6. Summary and Conclusions

The purpose of the present study was to explore the idea of using additive manufacturing to improve modular design of products by providing the means to use multi-function parts instead of sub-assemblies. Part consolidation and design modularity are often seen as conflicting design methods, but in the context of DFAM, they can be complementary for many systems. The elimination of the interfaces within the system is predicted to increase the reliability of the system, as well as simplifying it. The concept presented follows most of the basic principles of modular product design, as reviewed and discussed extensively, except for the principles of standardization, serviceability, and in-the-field customization. However, the loss of these capabilities within the modular design paradigm may not be a problem due to the design freedom from AM; standardization is no longer any more efficient than customization and serviceability and field customization are not major concerns, as new parts can be made on-demand in a few hours or days.
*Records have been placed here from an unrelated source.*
lemma partial_partial_comp:
  fixes g :: "real^'n::finite \<Rightarrow> real" and \<eta> :: "real^'m::finite \<Rightarrow> real^'n"
  assumes "open S" "open T" "\<eta> ` S \<subseteq> T" "twice_diff_on g T"
    and "\<And>i. twice_diff_on (\<lambda>y. \<eta> y $ i) S" "x \<in> S"
  shows "partial k (partial l (\<lambda>y. g (\<eta> y))) x =
    (\<Sum>i\<in>UNIV. (\<Sum>j\<in>UNIV. partial j (partial i g) (\<eta> x) * partial k (\<lambda>y. \<eta> y $ j) x)
                  * partial l (\<lambda>y. \<eta> y $ i) x
               + partial i g (\<eta> x) * partial k (partial l (\<lambda>y. \<eta> y $ i)) x)"
proof -
  have \<eta>_diff: "\<And>i y. y \<in> S \<Longrightarrow> (\<lambda>y. \<eta> y $ i) differentiable at y"
    using twice_diff_onD(1)[OF assms(5,1)] .
  have \<eta>x: "\<eta> x \<in> T"
    using assms(3,6) by blast
  have dg_\<eta>_diff: "(\<lambda>y. partial i g (\<eta> y)) differentiable at x" for i
    by (rule partial_comp(1)[OF \<eta>_diff[OF assms(6)] twice_diff_onD(2)[OF assms(4,2) \<eta>x]])
  have "partial k (partial l (\<lambda>y. g (\<eta> y))) x
      = partial k (\<lambda>y. \<Sum>i\<in>UNIV. partial i g (\<eta> y) * partial l (\<lambda>y. \<eta> y $ i) y) x"
    using assms(3) by (intro partial_cong_open[OF assms(1,6)] partial_comp(2) \<eta>_diff
        twice_diff_onD(1)[OF assms(4,2)]) auto
  also have "\<dots> = (\<Sum>i\<in>UNIV. partial k (\<lambda>y. partial i g (\<eta> y)) x * partial l (\<lambda>y. \<eta> y $ i) x
                              + partial i g (\<eta> x) * partial k (partial l (\<lambda>y. \<eta> y $ i)) x)"
    using dg_\<eta>_diff twice_diff_onD(2)[OF assms(5,1,6)]
    by (simp add: partial_sum partial_mult differentiable_mult)
  also have "\<dots> = (\<Sum>i\<in>UNIV. (\<Sum>j\<in>UNIV. partial j (partial i g) (\<eta> x) * partial k (\<lambda>y. \<eta> y $ j) x)
                  * partial l (\<lambda>y. \<eta> y $ i) x
               + partial i g (\<eta> x) * partial k (partial l (\<lambda>y. \<eta> y $ i)) x)"
    using \<eta>_diff[OF assms(6)] twice_diff_onD(1)[OF assms(4,2) \<eta>x]
    by (simp add: partial_comp(2) twice_diff_onD(2)[OF assms(4,2) \<eta>x])
  finally show ?thesis .
qed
This is, of course, subject to testing and certification requirements for any manufactured flight hardware made using AM. All AM processes have fairly restrictive manufacturability constraints, which must be considered carefully during design. In addition to the standard manufacturability constraints, the domain of applicability for this method is restricted by the size of the combined parts, the use of AM-processable materials, and on the skill and expertise of the designer to ensure manufacturability in the design. AM technologies are not efficient or preferable in all cases, so a study should be done before attempting such a design technique to ensure that it is feasible. The option to off-ramp from using an AM-based method should be built in as well, in case the design process proved non-feasible or too expensive for the problem as hand. The three most important material considerations are the choice of materials, the presence of fatigue stresses in the system (due to the anisotropic nature of the materials), and the smallest feature in the built part.
A broad case study was presented to demonstrate the concepts and to provide a practical example of applicability. A missile airframe was re-designed in a hybrid function-combination and traditional modular design, which resulted in the reduction of almost 50% of the parts and elimination of a number of fasteners. Optimization of the parts via AM-enabled digital means was demonstrated as well with the lattice design and streamlining of the parts.
This method is potentially very valuable for some systems, but should be considered one of several feasible methods until established as preferable and feasible by the designer. An important future research area for this concept is the certification of the resulting parts for use on actual systems. The case study presented in this study will require flight-hardware certification before use, but not all systems will require such a detailed and expensive process before use. For most simple systems and many others, this method may provide a more efficient design or re-design process which takes advantage of both the strengths of modularization and the design freedom of AM.

Author Contributions

C.C. and A.E.P. conceived and designed the study, C.C. preformed the modular design review, A.E.P. created the figures and case study, and A.E.P. and K.A.C. did the AM review and outline. C.L.C. and K.A.C. provided significant technical guidance and feedback on the ideas. All authors contributed to writing and polishing the manuscript for publication.

Funding

This research received no external funding

Acknowledgments

The authors would like to thank the following people for providing discussion and support for this work: James T. Allison, Dilcu Barnes, Paul D. Collopy, Kai James. Thanks to Kavian Niazi for granting permission to use the AIM-120 AMRAAM model from GrabCAD for the case study. The authors also thank the journal referees for their valuable feedback.

Conflicts of Interest

The authors declare no conflict of interest. No external funding was used to perform the work described in this study. Opinions and conclusions presented in this work are solely those of the authors.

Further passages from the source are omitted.